Importers sometimes "nominate" trucking companies, telling the ocean carrier what trucking companies they prefer to move their freight from the harbor to the distribution centers. A few harbor trucking companies are owned by shipping lines. Their drivers may be owner-operators or direct employees, and the direct employees are in a few cases organized by the Teamsters union.

The vast majority of the nation's harbor drivers, though, are independents. They own their own rigs and contract with the trucking companies. Most trucking companies maintain an arm's-length relationship with the drivers in an attempt to demonstrate to the government for tax purposes that the drivers are independent contractors rather than direct employees. In those cases, shipping lines pay trucking companies a rate based primarily on mileage. The trucking companies pass on to the drivers 70 percent to 75 percent of the base rate, keeping the remainder for overhead, insurance and their profit.
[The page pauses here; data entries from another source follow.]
lemma overlap_cell_le_decay_of_indep:
  fixes J :: "nat \<Rightarrow> nat set" and f :: "nat \<Rightarrow> nat \<Rightarrow> nat \<Rightarrow> bool"
  assumes "finite U" "S \<subseteq> {..<n}" "threshold r * n \<le> card S"
    and "\<And>i. i \<in> S \<Longrightarrow> finite (J i) \<and> card (J i) \<le> r"
    and "\<And>i x. i \<in> S \<Longrightarrow> x \<in> cell m U c \<Longrightarrow> P i x = G i (\<lambda>j\<in>J i. lin_form m (f i j) x)"
    and "indep_mod m U (Sigma S J) (\<lambda>(i, j). f i j)"
  shows "overlap (cell m U c) n P \<le> 2 powr (- decay r * n)"
proof -
  define \<epsilon> :: real where "\<epsilon> = 1 / 2 ^ (2 * r + 7)"
  have "overlap (cell m U c) n P \<le> (1 - \<epsilon>) ^ card S"
    unfolding \<epsilon>_def using assms(1,2,4-6) by (rule overlap_cell_le_of_indep)
  also have "\<dots> \<le> 2 powr (- \<epsilon> * card S)"
    by (rule one_minus_power_le_two_powr) (auto simp: \<epsilon>_def)
  also have "\<dots> \<le> 2 powr (- \<epsilon> * (threshold r * n))"
    using assms(3) by (intro powr_mono) (auto simp: \<epsilon>_def divide_right_mono)
  also have "- \<epsilon> * (threshold r * n) = - decay r * n"
    by (simp add: \<epsilon>_def threshold_def)
  finally show ?thesis .
qed

lemma overlap_cell_le_decay_of_maximal:
  fixes J :: "nat \<Rightarrow> nat set" and f :: "nat \<Rightarrow> nat \<Rightarrow> nat \<Rightarrow> bool"
  assumes "finite U" "S \<subseteq> {..<n}" "card S < threshold (Suc r) * n"
    and J: "\<And>i. finite (J i)" "\<And>i. card (J i) \<le> Suc r"
    and rep: "\<And>i. i < n \<Longrightarrow> \<forall>x\<in>cell m U c. P i x = G i (\<lambda>j\<in>J i. lin_form m (f i j) x)"
    and indep: "indep_mod m U (Sigma S J) (\<lambda>(i, j). f i j)"
    and maximal: "\<And>i. i < n \<Longrightarrow> i \<notin> S \<Longrightarrow> \<not> indep_mod m U (Sigma (insert i S) J) (\<lambda>(i, j). f i j)"
    and IH: "\<And>U' c'. finite U' \<Longrightarrow> \<forall>i<n. rank_le_on m (cell m U' c') r (P i) \<Longrightarrow>
      overlap (cell m U' c') n P \<le> 2 powr (- decay r * n)"
  shows "overlap (cell m U c) n P \<le> 2 powr (- decay (Suc r) * n)"
proof -
  define U' where "U' = U \<union> (\<lambda>(i, j). f i j) ` Sigma S J"
  define C where "C = form_values m U' ` cell m U c"
  have "finite S"
    using assms(2) finite_subset by blast
  then have "finite (Sigma S J)"
    using J(1) by auto
  then have "finite U'"
    using assms(1) by (simp add: U'_def)
  have "card (Sigma S J) \<le> Suc r * card S"
    using \<open>finite S\<close> J sum_bounded_above[of S "\<lambda>i. card (J i)" "Suc r"]
    by (simp add: card_SigmaI mult.commute)
  have "card (U' - U) \<le> card (Sigma S J)"
  proof -
    have "card (U' - U) \<le> card ((\<lambda>(i, j). f i j) ` Sigma S J)"
      using \<open>finite (Sigma S J)\<close> by (intro card_mono) (auto simp: U'_def)
    also have "\<dots> \<le> card (Sigma S J)"
      using \<open>finite (Sigma S J)\<close> by (rule card_image_le)
    finally show ?thesis .
  qed
  then have "card (U' - U) \<le> Suc r * card S"
    using \<open>card (Sigma S J) \<le> Suc r * card S\<close> by linarith
  have "card C \<le> 2 ^ card (U' - U)"
    unfolding C_def using \<open>finite U'\<close> by (intro card_form_values_image_le) (auto simp: U'_def)
  also have "\<dots> \<le> 2 ^ (Suc r * card S)"
    using \<open>card (U' - U) \<le> Suc r * card S\<close> by (intro power_increasing) auto
  finally have "card C \<le> 2 ^ (Suc r * card S)" .
  have "overlap (cell m U c) n P \<le> (\<Sum>c'\<in>C. overlap (cell m U' c') n P)"
    unfolding C_def by (rule overlap_cell_le_sum_refined) (simp add: U'_def)
  also have "\<dots> \<le> (\<Sum>c'\<in>C. 2 powr (- decay r * n))"
  proof (rule sum_mono)
    fix c' assume "c' \<in> C"
    have "\<forall>i<n. rank_le_on m (cell m U' c') r (P i)"
    proof (intro allI impI)
      fix i assume "i < n"
      show "rank_le_on m (cell m U' c') r (P i)"
        unfolding U'_def
        by (rule rank_le_on_refined_cell[OF assms(1) \<open>finite S\<close> J rep[OF \<open>i < n\<close>] indep
              maximal[OF \<open>i < n\<close>]])
          (use \<open>c' \<in> C\<close> in \<open>unfold C_def U'_def\<close>)
    qed
    then show "overlap (cell m U' c') n P \<le> 2 powr (- decay r * n)"
      using IH \<open>finite U'\<close> by blast
  qed
  also have "\<dots> = card C * 2 powr (- decay r * n)"
    by simp
  also have "\<dots> \<le> 2 powr real (Suc r * card S) * 2 powr (- decay r * n)"
  proof (rule mult_right_mono)
    have "real (card C) \<le> 2 ^ (Suc r * card S)"
      using \<open>card C \<le> 2 ^ (Suc r * card S)\<close> by (metis of_nat_le_iff of_nat_numeral of_nat_power)
    then show "real (card C) \<le> 2 powr real (Suc r * card S)"
      by (subst powr_realpow) simp_all
  qed simp
  also have "\<dots> = 2 powr (real (Suc r * card S) - decay r * n)"
    by (simp add: powr_add[symmetric])
  also have "\<dots> \<le> 2 powr (Suc r * (threshold (Suc r) * n) - decay r * n)"
  proof -
    have "real (Suc r * card S) \<le> Suc r * (threshold (Suc r) * n)"
      unfolding of_nat_mult using assms(3) by (intro mult_left_mono) auto
    then show ?thesis
      by (intro powr_mono) linarith+
  qed
  also have "\<dots> \<le> 2 powr (- decay (Suc r) * n)"
    using mult_right_mono[OF decay_step[of r], of "real n"]
    by (intro powr_mono) (simp_all add: algebra_simps)
  finally show ?thesis .
qed

lemma overlap_cell_le_decay:
  assumes "finite U" "\<forall>i<n. rank_le_on m (cell m U c) r (P i)"
  shows "overlap (cell m U c) n P \<le> 2 powr (- decay r * n)"
  using assms
proof (induction r arbitrary: U c)
  case (0 U c)
  obtain J :: "nat \<Rightarrow> nat set" and f :: "nat \<Rightarrow> nat \<Rightarrow> nat \<Rightarrow> bool" and G
    where J: "\<And>i. finite (J i)" "\<And>i. card (J i) \<le> 0"
      and rep: "\<And>i. i < n \<Longrightarrow> \<forall>x\<in>cell m U c. P i x = G i (\<lambda>j\<in>J i. lin_form m (f i j) x)"
    by (rule obtain_rank_representations[OF "0.prems"(2)]) auto
  have "Sigma {..<n} J = {}"
    using J by auto
  then have "indep_mod m U (Sigma {..<n} J) (\<lambda>(i, j). f i j)"
    by (simp add: indep_mod_def)
  then show ?case
    using "0.prems"(1) J rep
    by (intro overlap_cell_le_decay_of_indep[where S = "{..<n}"]) (auto simp: threshold_0)
next
  case (Suc r U c)
  obtain J :: "nat \<Rightarrow> nat set" and f :: "nat \<Rightarrow> nat \<Rightarrow> nat \<Rightarrow> bool" and G
    where J: "\<And>i. finite (J i)" "\<And>i. card (J i) \<le> Suc r"
      and rep: "\<And>i. i < n \<Longrightarrow> \<forall>x\<in>cell m U c. P i x = G i (\<lambda>j\<in>J i. lin_form m (f i j) x)"
    by (rule obtain_rank_representations[OF Suc.prems(2)]) auto
  obtain S where S: "S \<subseteq> {..<n}" and indep: "indep_mod m U (Sigma S J) (\<lambda>(i, j). f i j)"
    and maximal: "\<And>i. i < n \<Longrightarrow> i \<notin> S \<Longrightarrow> \<not> indep_mod m U (Sigma (insert i S) J) (\<lambda>(i, j). f i j)"
    by (rule exists_maximal_subset[of "{..<n}" "\<lambda>S. indep_mod m U (Sigma S J) (\<lambda>(i, j). f i j)"])
      (auto simp: indep_mod_def)
  show ?case
  proof (cases "threshold (Suc r) * n \<le> card S")
    case True
    have "P i x = G i (\<lambda>j\<in>J i. lin_form m (f i j) x)" if "i \<in> S" "x \<in> cell m U c" for i x
      using rep S that by blast
    with True show ?thesis
      using Suc.prems(1) S J indep by (intro overlap_cell_le_decay_of_indep) auto
  next
    case False
    then show ?thesis
      by (intro overlap_cell_le_decay_of_maximal[OF Suc.prems(1) S _ J rep indep maximal Suc.IH]) auto
  qed
qed

lemma lin_form_eq_odd_sum: "lin_form m a x = odd (\<Sum>i<m. of_bool (a i \<and> x ! i) :: nat)"
  by (simp add: lin_form_def parity_def Int_def)

lemma deg_le1_imp_affine:
  assumes "deg_le1 m L"
  obtains a0 a where "\<forall>x\<in>vecs m. L x = (a0 \<noteq> lin_form m a x)"
proof -
  obtain a0 :: bool and a where "\<forall>x\<in>vecs m. L x = odd (of_bool a0 + (\<Sum>i<m. of_bool (a i \<and> x ! i)) :: nat)"
    using assms unfolding deg_le1_def by blast
  then have "\<forall>x\<in>vecs m. L x = (a0 \<noteq> lin_form m a x)"
    by (simp add: lin_form_eq_odd_sum)
  then show thesis
    by (rule that)
qed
The complex equation is muddled even further by a steady stream of owner-operator drivers, often immigrants. Initially, these drivers are willing to work for less than established drivers. That allows some trucking companies to underbid the established trucking companies for business, with the result being relentless pressure on freight rates.

When drivers are mostly of the same ethnic background, local leaders sometimes emerge, such as Latino leaders in Southern California. In Oakland, where the driver work force is diverse, there are leaders for the white, black, Latino and East Indian drivers. Add to that condition the inability of trucking companies to collectively set rates and working conditions due to U.S. antitrust laws, and the result is a recipe for chaos where there is no recognized bargaining unit on either side.

The Teamsters recognized this void three years ago and has been methodically - though so far unsuccessfully - attempting to bring order, and unionization, to container ports. "Drivers have to have a voice to collectively express the concerns and the needs they have. They need a forum," said Chuck Mack, director of the Teamsters port division. "Of course, we believe that voice should be the Teamsters."

Mack said a stable, well-paid driver work force represented by a union would provide drivers with a means of protest other than unpredictable work stoppages. He said this would benefit the entire intermodal industry. "We don't look at this as a one-way street. Everyone has to look at the bigger picture," he said.

Unlike ocean carriers, truckers lack antitrust immunity. While shipping lines can form a discussion agreement and discuss the freight rates they charge to shippers, trucking companies cannot form a similar unit and negotiate trucking rates for container hauling.

The fuel surcharges that ship lines pay to truckers vary considerably. An industry consultant who tracks surcharges said that in May, APL Ltd. paid the highest surcharges, 9 percent. Most other carriers paid less than 7 percent and some paid as little as 3 percent, while trucking companies were seeking surcharges of 14 percent to cover diesel prices of $2.40 a gallon. "We consider truckers to be our customers," said Scott Dailey, an APL spokesman.

In some cases, trucking industry associations take up the cause of the drivers. Trucking-company members of the Association of Bi-State Motor Carriers in New York-New Jersey, for example, pay their drivers a fuel surcharge even if ocean carriers or shippers refuse to reimburse the trucking companies, said Jeff Bader, president of the association and of Golden Carriers Inc. in Hillside, N.J. "You have to do the right thing," he said. It's in the best economic interests of shipping lines and terminal operators to pay fair trucking rates and to provide drivers with good working conditions, Bader said. "That's what prudent businessmen do."